In our group classes, you have the option to have a Listening Partner or two. You may wonder – what’s a listening partner? And why would I want to have one? Listening partners are the brainchild of Patty Wipfler from Hand in Hand Parenting, where parents trade listening time to receive emotional support for their parenting journey.
I first had a listening partner in 2013, and I noticed how it helped me not just as a parent, but in every area of my life. This past year, I’ve been a part of a listening partner small group that meets every week. Once again, I notice how much this emotional support helps and nurtures me.
This year we’ve begun offering listening partners in our classes because I’ve found that listening partnerships can help heal painful patterns with food. What makes a listening partnership unique is that there’s no advice or guidance offered – it’s simply a regular space where you can be listened to with warmth, curiosity, and presence.

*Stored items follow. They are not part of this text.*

text \<open>A swap along an edge \<open>uv\<close> changes the number of 1-tokens only inside the two
  components of \<open>T - uv\<close>, and there by at most one; so it changes \<open>diff\<close> only on \<open>uv\<close>, by at
  most one, and every swapping sequence has length at least \<open>\<Sum>e. diff(e)\<close>.
  Conversely, if the placement differs from the target, start at a vertex carrying a misplaced
  1 and follow a deficit of 1-tokens down into ever smaller branches of the tree. This ends at
  an edge \<open>xy\<close> with \<open>f(x) = 1\<close>, \<open>f(y) = 2\<close> whose \<open>y\<close>-side has too few 1-tokens; swapping
  \<open>x\<close> and \<open>y\<close> lowers \<open>diff(xy)\<close> by one and fixes all other values of \<open>diff\<close>, so induction on
  \<open>\<Sum>e. diff(e)\<close> yields a swapping sequence of exactly that length.\<close>

lemma rtranclp_imp_distinct_path:
  assumes "r\<^sup>*\<^sup>* x w"
  shows "\<exists>vs. vs \<noteq> [] \<and> hd vs = x \<and> last vs = w \<and> distinct vs \<and>
           (\<forall>i. Suc i < length vs \<longrightarrow> r (vs ! i) (vs ! Suc i))"
  using assms
proof (induction rule: rtranclp_induct)
  case base
  show ?case by (intro exI[of _ "[x]"]) auto
next
  case (step v w)
  then obtain vs where vs: "vs \<noteq> []" "hd vs = x" "last vs = v" "distinct vs"
    "\<forall>i. Suc i < length vs \<longrightarrow> r (vs ! i) (vs ! Suc i)" by blast
  show ?case
  proof (cases "w \<in> set vs")
    case True
    then obtain i where i: "i < length vs" "vs ! i = w" by (auto simp: in_set_conv_nth)
    show ?thesis
    proof (intro exI[of _ "take (Suc i) vs"] conjI allI impI)
      show "last (take (Suc i) vs) = w" using i by (simp add: take_Suc_conv_app_nth)
    qed (use vs in auto)
  next
    case False
    have "r ((vs @ [w]) ! j) ((vs @ [w]) ! Suc j)" if "Suc j < length (vs @ [w])" for j
    proof (cases "Suc j < length vs")
      case True
      then show ?thesis using vs(5) by (simp add: nth_append)
    next
      case False
      then have "j = length vs - 1" using that by simp
      then show ?thesis using vs(1,3) step.hyps(2) by (simp add: nth_append last_conv_nth)
    qed
    then show ?thesis using vs False by (intro exI[of _ "vs @ [w]"]) auto
  qed
qed

lemma edge_rtranclp_sym:
  "(\<lambda>a b. {a, b} \<in> F)\<^sup>*\<^sup>* a b \<Longrightarrow> (\<lambda>a b. {a, b} \<in> F)\<^sup>*\<^sup>* b a"
  by (rule sympD[OF symp_rtranclp]) (auto intro: sympI simp: insert_commute)

lemma acyclic_no_detour:
  assumes "\<not> has_cycle E" and "{x, y} \<in> E" and "x \<noteq> y"
  shows "\<not> (\<lambda>a b. {a, b} \<in> E - {{x, y}})\<^sup>*\<^sup>* x y"
proof
  assume "(\<lambda>a b. {a, b} \<in> E - {{x, y}})\<^sup>*\<^sup>* x y"
  from rtranclp_imp_distinct_path[OF this] obtain vs
    where vs: "vs \<noteq> []" "hd vs = x" "last vs = y" "distinct vs"
    and steps: "\<forall>i. Suc i < length vs \<longrightarrow> {vs ! i, vs ! Suc i} \<in> E - {{x, y}}"
    by blast
  have ends: "vs ! 0 = x" "vs ! (length vs - 1) = y"
    using vs(1-3) by (simp_all add: hd_conv_nth last_conv_nth)
  have "length vs \<noteq> 1" using ends \<open>x \<noteq> y\<close> by auto
  moreover have "length vs \<noteq> 2"
  proof
    assume "length vs = 2"
    then have "{vs ! 0, vs ! 1} \<in> E - {{x, y}}" using steps by simp
    then show False using ends \<open>length vs = 2\<close> by simp
  qed
  moreover have "length vs \<noteq> 0" using vs(1) by simp
  ultimately have "length vs \<ge> 3" by linarith
  moreover have "{last vs, hd vs} \<in> E" using vs(2,3) assms(2) by (simp add: insert_commute)
  ultimately have "has_cycle E" unfolding has_cycle_def using vs(4) steps by blast
  then show False using assms(1) by contradiction
qed

definition ones :: "('a \<Rightarrow> nat) \<Rightarrow> 'a set \<Rightarrow> nat" where
  "ones g S = card {w \<in> S. g w = 1}"

lemma ones_eq_sum: "finite S \<Longrightarrow> ones g S = (\<Sum>w\<in>S. of_bool (g w = 1))"
  unfolding ones_def by (simp add: Int_def)

lemma ones_remove: "finite S \<Longrightarrow> u \<in> S \<Longrightarrow> ones g S = of_bool (g u = 1) + ones g (S - {u})"
  by (simp add: ones_eq_sum sum.remove del: sum_of_bool_eq)

lemma ones_swap_outside:
  "u \<notin> S \<Longrightarrow> v \<notin> S \<Longrightarrow> ones (g(u := g v, v := g u)) S = ones g S"
  unfolding ones_def by (rule arg_cong[of _ _ card]) auto

lemma ones_swap_inside:
  assumes "finite S" and "u \<in> S" and "v \<in> S"
  shows "ones (g(u := g v, v := g u)) S = ones g S"
proof (cases "u = v")
  case False
  have "ones h S = of_bool (h u = 1) + of_bool (h v = 1) + ones h (S - {u} - {v})" for h
    using assms False by (simp add: ones_remove[of S u] ones_remove[of "S - {u}" v])
  then show ?thesis using ones_swap_outside[of u "S - {u} - {v}" v g] False by simp
qed simp

lemma ones_swap_le:
  assumes "finite S" and "u \<notin> S \<or> v \<notin> S"
  shows "ones (g(u := g v, v := g u)) S \<le> ones g S + 1"
proof -
  define p where "p = (if u \<in> S then u else v)"
  have "{w \<in> S. (g(u := g v, v := g u)) w = 1} \<subseteq> insert p {w \<in> S. g w = 1}"
    using assms(2) by (auto simp: p_def)
  then have "ones (g(u := g v, v := g u)) S \<le> card (insert p {w \<in> S. g w = 1})"
    unfolding ones_def by (rule card_mono[rotated]) (simp add: assms(1))
  also have "\<dots> \<le> ones g S + 1"
    unfolding ones_def by (simp add: card_insert_if assms(1))
  finally show ?thesis .
qed

lemma token_placement_swap:
  assumes "token_placement V c g" and "u \<in> V" and "v \<in> V"
  shows "token_placement V c (g(u := g v, v := g u))"
proof -
  have "(g(u := g v, v := g u)) ` V = g ` V"
    using assms(2,3) by (auto simp: image_iff)
  then show ?thesis using assms by (auto simp: token_placement_def)
qed

lemma tp_adjacent_swap: "{u, v} \<in> E \<Longrightarrow> g u \<noteq> g v \<Longrightarrow> tp_adjacent E g (g(u := g v, v := g u))"
  unfolding tp_adjacent_def by (rule conjI, metis fun_upd_same, fastforce)
(* Let $p,g_i,S,d,R,\eta_i,\beta,f_\gamma,N,D,p^*$ and $Pol^r_{n',2d'}$ be as in the context. For each positive integer $r$ let $$l_r=\sup\Big\{\gamma\in\mathbb{R} : f_\gamma(z)-\tfrac{1}{r}\big(\textstyle\sum_{i=1}^N z_i^2\big)^D\in Pol^r_{N,2D}\Big\}$$ (with $\sup\emptyset=-\infty$), and let $m_r=\max_{i=1,\dots,r}l_i$. Then $m_r\le p^*$ for all $r$, $\{m_r\}$ is nondecreasing, and $\lim_{r\to\infty}m_r=p^*$.
   Context: Let $p,g_1,\dots,g_m$ be real polynomials in $x=(x_1,\dots,x_n)$ and let $S=\{x\in\mathbb{R}^n : g_i(x)\ge 0,\ i=1,\dots,m\}$. Let $p^*=\inf_{x\in S}p(x)$ (with $p^*=+\infty$ if $S=\emptyset$). Let $d\ge 1$ be the integer such that $2d$ is the smallest even integer larger than or equal to the maximum of the degrees of $p,g_1,\dots,g_m$. Assume there is $R>0$ with $\sum_{i=1}^n x_i^2\le R$ for all $x\in S$. Let $\eta_1,\dots,\eta_m$ be real numbers with $g_i(x)\le\eta_i$ for all $x\in S$, and let $\beta$ be a real number with $-p(x)\le\beta$ for all $x\in S$. For a polynomial $q$ in $x$ of degree at most $2d$, $y^{2d}q(x/y)$ denotes its homogenization to a form of degree $2d$ in $(x,y)$. For $\gamma\in\mathbb{R}$ define the form in the variables $z=(x,s,y)=(x_1,\dots,x_n,s_0,\dots,s_{m+1},y)$: $$f_\gamma(x,s,y)=\big(\gamma y^{2d}-y^{2d}p(x/y)-s_0^2y^{2d-2}\big)^2+\sum_{i=1}^m\big(y^{2d}g_i(x/y)-s_i^2y^{2d-2}\big)^2+\Big(\big(R+\textstyle\sum_{i=1}^m\eta_i+\beta+\gamma\big)^d y^{2d}-\big(\sum_{i=1}^n x_i^2+\sum_{i=0}^m s_i^2\big)^d-s_{m+1}^{2d}\Big)^2.$$ Set $N=n+m+3$ and $D=2d$, so $f_\gamma$ is a form of degree $2D$ in $N$ variables. For a form $q$ in $n'$ variables and $v,w\in\mathbb{R}^{n'}$, $q(v^2-w^2)$ denotes $q(v_1^2-w_1^2,\dots,v_{n'}^2-w_{n'}^2)$. For integers $n',d',r\ge1$ define $Pol^r_{n',2d'}$ as the set of forms $q$ of degree $2d'$ in $n'$ variables such that the polynomial $$\Big(q(v^2-w^2)+\tfrac{1}{2r}\Big(\sum_{i=1}^{n'}(v_i^4+w_i^4)\Big)^{d'}\Big)\cdot\Big(\sum_{i=1}^{n'}v_i^2+\sum_{i=1}^{n'}w_i^2\Big)^{r^2}$$ in the variables $(v,w)\in\mathbb{R}^{2n'}$ has all coefficients nonnegative. *)

theory Defs
  imports "HOL-Analysis.Analysis" "HOL-Library.Poly_Mapping"
begin

text \<open>Real multivariate polynomials in countably many variables indexed by nat:
  a monomial is a finitely supported exponent vector, a polynomial maps monomials
  to their coefficients.\<close>

type_synonym mpoly = "(nat \<Rightarrow>\<^sub>0 nat) \<Rightarrow>\<^sub>0 real"

definition mp_const :: "real \<Rightarrow> mpoly" where
  "mp_const c = Poly_Mapping.single 0 c"

definition mp_var :: "nat \<Rightarrow> mpoly" where
  "mp_var i = Poly_Mapping.single (Poly_Mapping.single i 1) 1"

definition mp_coeff :: "mpoly \<Rightarrow> (nat \<Rightarrow>\<^sub>0 nat) \<Rightarrow> real" where
  "mp_coeff q a = Poly_Mapping.lookup q a"

definition mon_deg :: "(nat \<Rightarrow>\<^sub>0 nat) \<Rightarrow> nat" where
  "mon_deg a = (\<Sum>i\<in>Poly_Mapping.keys a. Poly_Mapping.lookup a i)"

definition mp_deg :: "mpoly \<Rightarrow> nat" where
  "mp_deg q = Max (insert 0 (mon_deg ` Poly_Mapping.keys q))"

definition mp_vars :: "mpoly \<Rightarrow> nat set" where
  "mp_vars q = (\<Union>a\<in>Poly_Mapping.keys q. Poly_Mapping.keys a)"

definition mp_homogeneous :: "nat \<Rightarrow> mpoly \<Rightarrow> bool" where
  "mp_homogeneous k q \<longleftrightarrow> (\<forall>a\<in>Poly_Mapping.keys q. mon_deg a = k)"

definition mp_eval :: "(nat \<Rightarrow> real) \<Rightarrow> mpoly \<Rightarrow> real" where
  "mp_eval x q = (\<Sum>a\<in>Poly_Mapping.keys q.
       Poly_Mapping.lookup q a * (\<Prod>i\<in>Poly_Mapping.keys a. x i ^ Poly_Mapping.lookup a i))"

definition mp_subst :: "(nat \<Rightarrow> mpoly) \<Rightarrow> mpoly \<Rightarrow> mpoly" where
  "mp_subst \<sigma> q = (\<Sum>a\<in>Poly_Mapping.keys q.
       mp_const (Poly_Mapping.lookup q a) * (\<Prod>i\<in>Poly_Mapping.keys a. \<sigma> i ^ Poly_Mapping.lookup a i))"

We are all so hungry for emotional support! Therapy can do this and is super valuable, but we often need something more than therapy, coaching, advice and guidance.
This is especially true if we spend much of our days in giving or serving roles like parenting, caring for elderly parents or relatives, nursing or doctoring, caring for/teaching children, social work, counseling, ministry and social advocacy.
We need lots of emotional support to do these things well! We need places where we can regularly let down and receive rather than give care, to feel as well cared for as we care for others. I often notice that there’s a correlation between this lack of being cared for and the ways we care for ourselves with food.
Listening partners have other benefits besides this wellspring of emotional nourishment. They support us by connecting us to our inner wisdom, encouraging co-regulation with others, and easing feelings of isolation. The support of others is often what makes the difference to be able to face the pain we carry in our bodies, hearts and minds.
I’ve seen how this support can ease an overreliance on food for emotional support and care and soften the feelings of isolation and loneliness that often accompany these tender protectors.
Earlier this year in the Listen class, people had the option of having a listening partner or small group. Several people shared their experiences with their listening partners and how helpful it was for them – and many are continuing to meet even after the class has ended.
People talked about how much compassion they felt as they listened to others – and how this compassion for others overflowed and deepened their compassion for themselves.
I’m so happy that they’re receiving this kind of help and support, and I wish this support for everyone. So in When Food is Your Mother and our other classes, you’ll also have the option to have a listening partner or small group.
Being compassionate with ourselves is often the hardest compassion to experience. It’s one of the reasons why journeying with a group is so precious – we find we’re not alone. And in each other’s eyes, we come home to ourselves.
I’ll close with this poem by the Persian mystic Hafiz, for it speaks to me of the promise of this connection.
With that Moon Language
Admit something:
Everyone you see, you say to them, “love me”
of course you do not do this out loud,
otherwise someone would call the cops.
Still though, think about this, this great pull in us to connect.
why not become the one who lives with a full moon in each eye
that is always saying,
with that sweet moon language,
What every other eye in this world is dying to hear?